Лестницы Шамбора - [34]

Шрифт
Интервал

– И семейство Фурфозов…

– Э нет, малыш, наша семья вовсе не замшела, она, конечно, перезрела, но мхом еще не обросла. Поэтому и не воняет, как некоторые. Мне кажется, скорее, семья Фурфозов издает тот самый изысканный душок, каким отличается сыр реблошон. Послушай, Вард, не будь злюкой. Ненавидеть нужно не то, что замшело, а лишь то, что окончательно мертво. Вещи, которые воняют, конечно, недалеки от смерти, но пока еще в них кипит жизнь…

Если не считать чисто английской, вернее, американской интонации, его имя прозвучало в ее устах совсем по-фламандски – Вард. И это внушило ему неожиданный, почти комический восторг: он любим. Тетка опустила ладонь на его кулак, сжимавший ручку скоростей. И тихонько сказала:

– Вот мы и опять вместе, малыш. Давненько не виделись.
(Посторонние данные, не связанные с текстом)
definition connected_graph :: "'a set \<Rightarrow> ('a \<Rightarrow> 'a \<Rightarrow> bool) \<Rightarrow> bool" where
  "connected_graph V E \<longleftrightarrow> (\<forall>u\<in>V. \<forall>v\<in>V. \<exists>n. is_walk V E u v n)"

definition gdist :: "'a set \<Rightarrow> ('a \<Rightarrow> 'a \<Rightarrow> bool) \<Rightarrow> 'a \<Rightarrow> 'a \<Rightarrow> nat" where
  "gdist V E u v = (LEAST n. is_walk V E u v n)"

definition diameter :: "'a set \<Rightarrow> ('a \<Rightarrow> 'a \<Rightarrow> bool) \<Rightarrow> nat" where
  "diameter V E = Max ({gdist V E u v | u v. u \<in> V \<and> v \<in> V} \<union> {0})"

definition vstring :: "'a set \<Rightarrow> ('a \<Rightarrow> 'a \<Rightarrow> bool) \<Rightarrow> ('a \<Rightarrow> real) \<Rightarrow> 'a \<Rightarrow> real list" where
  "vstring V E f v = map (\<lambda>i. \<Sum>w\<in>{w\<in>V. gdist V E v w = i}. f w) [1..<Suc (diameter V E)]"

definition IDI :: "'a set \<Rightarrow> ('a \<Rightarrow> 'a \<Rightarrow> bool) \<Rightarrow> nat" where
  "IDI V E = (LEAST k. \<exists>f :: 'a \<Rightarrow> real. card (f ` V) = k \<and> inj_on (vstring V E f) V)"

definition nbhd :: "'a set \<Rightarrow> ('a \<Rightarrow> 'a \<Rightarrow> bool) \<Rightarrow> 'a \<Rightarrow> 'a set" where
  "nbhd V E v = {w \<in> V. E v w}"

definition is_tuplet :: "'a set \<Rightarrow> ('a \<Rightarrow> 'a \<Rightarrow> bool) \<Rightarrow> 'a set \<Rightarrow> bool" where
  "is_tuplet V E S \<longleftrightarrow> S \<subseteq> V \<and> finite S \<and> card S \<ge> 2 \<and>
     ((\<forall>x\<in>S. \<forall>y\<in>S. \<not> E x y \<and> nbhd V E x = nbhd V E y)
      \<or> (\<forall>x\<in>S. \<forall>y\<in>S. (x \<noteq> y \<longrightarrow> E x y) \<and> insert x (nbhd V E x) = insert y (nbhd V E y)))"

definition max_tuplet :: "'a set \<Rightarrow> ('a \<Rightarrow> 'a \<Rightarrow> bool) \<Rightarrow> nat" where
  "max_tuplet V E = Max (insert 0 {card S | S. is_tuplet V E S})"

end

theory Submission
  imports Defs "HOL-Library.Nat_Bijection" "HOL-Combinatorics.Transposition"
begin

text \<open>Two distinct members x, y of a tuplet are at the same distance from every third vertex:
every neighbour of x other than y is a neighbour of y, so a shortest walk leaving x can be
rerouted to leave y instead. Hence the transposition of x and y maps the spheres around x onto
the spheres around y; if a rank assignment gave x and y the same rank, it would give them the
same string. So every resolving rank assignment is injective on each tuplet and uses at least
T(G) ranks. Resolving assignments exist (ranks 2^i along an enumeration of V make all subset
sums distinct), so IDI(G) is attained and the bound follows.\<close>

lemma is_walk_rev:
  assumes "simple_graph V E" and "is_walk V E u v n"
  shows "is_walk V E v u n"
proof -
  obtain xs where xs: "length xs = Suc n" "hd xs = u" "last xs = v" "set xs \<subseteq> V"
    and steps: "\<forall>i<n. E (xs ! i) (xs ! Suc i)"
    using assms(2) unfolding is_walk_def by blast
  have "E (rev xs ! i) (rev xs ! Suc i)" if "i < n" for i
  proof -
    have "E (xs ! Suc (n - Suc i)) (xs ! (n - Suc i))"
      using steps that assms(1) unfolding simple_graph_def by auto
    moreover have "Suc (n - Suc i) = n - i" using that by simp
    ultimately show ?thesis using that xs(1) by (simp add: rev_nth)
  qed
  moreover have "xs \<noteq> []" using xs(1) by auto
  ultimately show ?thesis
    unfolding is_walk_def using xs by (intro exI[of _ "rev xs"]) (auto simp: hd_rev last_rev)
qed

lemma gdist_le: "is_walk V E u v n \<Longrightarrow> gdist V E u v \<le> n"
  unfolding gdist_def by (rule Least_le)

lemma is_walk_gdist:
  "connected_graph V E \<Longrightarrow> u \<in> V \<Longrightarrow> v \<in> V \<Longrightarrow> is_walk V E u v (gdist V E u v)"
  unfolding gdist_def connected_graph_def by (meson LeastI_ex)

lemma gdist_commute:
  assumes "simple_graph V E" "connected_graph V E" "u \<in> V" "v \<in> V"
  shows "gdist V E u v = gdist V E v u"
  by (meson assms gdist_le is_walk_gdist le_antisym is_walk_rev)

lemma gdist_self: "x \<in> V \<Longrightarrow> gdist V E x x = 0"
  using gdist_le[of V E x x 0] unfolding is_walk_def by (fastforce intro: exI[of _ "[x]"])

lemma gdist_eq_0_iff:
  assumes "connected_graph V E" "u \<in> V" "v \<in> V"
  shows "gdist V E u v = 0 \<longleftrightarrow> u = v"
proof
  assume "gdist V E u v = 0"
  then obtain xs where "length xs = 1" "hd xs = u" "last xs = v"
    using is_walk_gdist[OF assms] unfolding is_walk_def by auto
  then show "u = v" by (cases xs) auto
qed (simp add: assms(3) gdist_self)

lemma gdist_le_diameter:
  assumes "finite V" "u \<in> V" "v \<in> V"
  shows "gdist V E u v \<le> diameter V E"
proof -
  have "{gdist V E u v | u v. u \<in> V \<and> v \<in> V} = (\<lambda>(u, v). gdist V E u v) ` (V \<times> V)" by auto
  then have "finite {gdist V E u v | u v. u \<in> V \<and> v \<in> V}" using assms(1) by simp
  then show ?thesis unfolding diameter_def using assms(2,3) by (intro Max_ge) auto
qed

lemma is_walk_reroute_start:
  assumes walk: "is_walk V E x w n" and "w \<noteq> x" "y \<in> V"
    and nbrs: "\<And>z. E x z \<Longrightarrow> z = y \<or> E y z"
  shows "\<exists>m\<le>n. is_walk V E y w m"
proof -
  obtain xs where xs: "length xs = Suc n" "hd xs = x" "last xs = w" "set xs \<subseteq> V"
    and steps: "\<forall>i<n. E (xs ! i) (xs ! Suc i)"
    using walk unfolding is_walk_def by blast
  obtain k where n: "n = Suc k"
    using xs \<open>w \<noteq> x\<close> by (cases n; cases xs) auto
  obtain z zs where xs_eq: "xs = x # z # zs"
    using xs(1,2) n by (cases xs; cases "tl xs") auto
  have tail: "is_walk V E z w k"
    unfolding is_walk_def using xs steps n xs_eq by (intro exI[of _ "z # zs"]) auto
  have "E x z" using steps n xs_eq by fastforce
  then consider "z = y" | "E y z" using nbrs by blast
  then show ?thesis
  proof cases
    case 1
    then show ?thesis using tail n by (intro exI[of _ k]) auto
  next
    case 2
    have "is_walk V E y w n"
      unfolding is_walk_def
    proof (intro exI[of _ "y # z # zs"] conjI allI impI)
      fix i assume "i < n"
      then show "E ((y # z # zs) ! i) ((y # z # zs) ! Suc i)"
        using 2 steps xs_eq by (cases i) auto
    qed (use xs xs_eq \<open>y \<in> V\<close> in auto)
    then show ?thesis by auto
  qed
qed

lemma tuplet_neighbour:
  assumes "simple_graph V E" "is_tuplet V E S" "x \<in> S" "y \<in> S" "E x z"
  shows "z = y \<or> E y z"
proof -
  have "z \<in> nbhd V E x" using assms(1,5) unfolding simple_graph_def nbhd_def by blast
  moreover have "nbhd V E x = nbhd V E y \<or> insert x (nbhd V E x) = insert y (nbhd V E y)"
    using assms(2-4) unfolding is_tuplet_def by blast
  moreover have "z \<noteq> x" using assms(1,5) unfolding simple_graph_def by blast
  ultimately show ?thesis unfolding nbhd_def by blast
qed

lemma tuplet_gdist_eq:
  assumes sg: "simple_graph V E" and cg: "connected_graph V E" and S: "is_tuplet V E S"
    and "x \<in> S" "y \<in> S" "w \<in> V" "w \<noteq> x" "w \<noteq> y"
  shows "gdist V E x w = gdist V E y w"
proof -
  have le: "gdist V E b w \<le> gdist V E a w" if ab: "a \<in> S" "b \<in> S" and "w \<noteq> a" for a b
  proof -
    have "a \<in> V" "b \<in> V" using S ab unfolding is_tuplet_def by auto
    then obtain m where "m \<le> gdist V E a w" "is_walk V E b w m"
      using is_walk_reroute_start[OF is_walk_gdist[OF cg \<open>a \<in> V\<close> \<open>w \<in> V\<close>] \<open>w \<noteq> a\<close>
          \<open>b \<in> V\<close> tuplet_neighbour[OF sg S ab]]
      by blast
    then show ?thesis using gdist_le[of V E b w m] by linarith
  qed
  show ?thesis using le[OF \<open>y \<in> S\<close> \<open>x \<in> S\<close> \<open>w \<noteq> y\<close>] le[OF \<open>x \<in> S\<close> \<open>y \<in> S\<close> \<open>w \<noteq> x\<close>]
    by (rule antisym)
qed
Эдуард молча стиснул зубы. Его тело пронзила дрожь; казалось, она достигла сердца, жестоко сотрясла сердце. Он вновь почувствовал нежную шероховатость пальцев тетки, это противоречивое – и сухое, и бархатистое, и жесткое – касание на своей руке, обхватившей рычаг.

Но в тот самый миг, когда Эдуард судорожно сглотнул, борясь с подступившими слезами, тетушка Отти убрала руку и спросила совсем другим голосом, бодрым, энергичным голосом Нового Света, одновременно прикуривая очередную Belga от висевшей на шее зажигалки и стряхивая тлеющую крошку табака с юбки своего ядовито-желтого синтетического костюма:

– Ну-с, а как поживают твои миниатюрки?


Они сидели в ресторане, возле двери, которая непрестанно распахивалась, тренькая колокольчиком и ударяясь о спинку стула Эдуарда. Эдуард пытался описать тетке дом в Шамборе, берега Коссона, спешные строительные работы. Но ему никак не удавалось подобрать нужные слова. Он предпочел бы просто показать ей «Аннетьер» без всяких объяснений, но тетка нетерпеливо требовала рассказа. Ему казалось, что он понапрасну сотрясает воздух: так фермерша усердствует над бадейкой с молоком, пытаясь сбить масло. Скоро тетушке Отти надоело его слушать, и он умолк. Тетушка Отти заговорила о своей жизни. Поедая кусок пассендаля, она не оставила камня на камне от Сиракуз, истребила всех музыковедов на свете и безжалостно расценила последние пятнадцать лет, прожитые в Америке, как пропащие. Эдуард Фурфоз внимал ей благоговейно, точно верующий – своему божеству. Тетка была тучной женщиной с пухлыми брыластыми щеками. Ее морщинистая, обвисшая, как жабо, шея напоминала шеи кондоров в Андах, да и светлый взгляд отличался хищной, ненасытной ястребиной зоркостью.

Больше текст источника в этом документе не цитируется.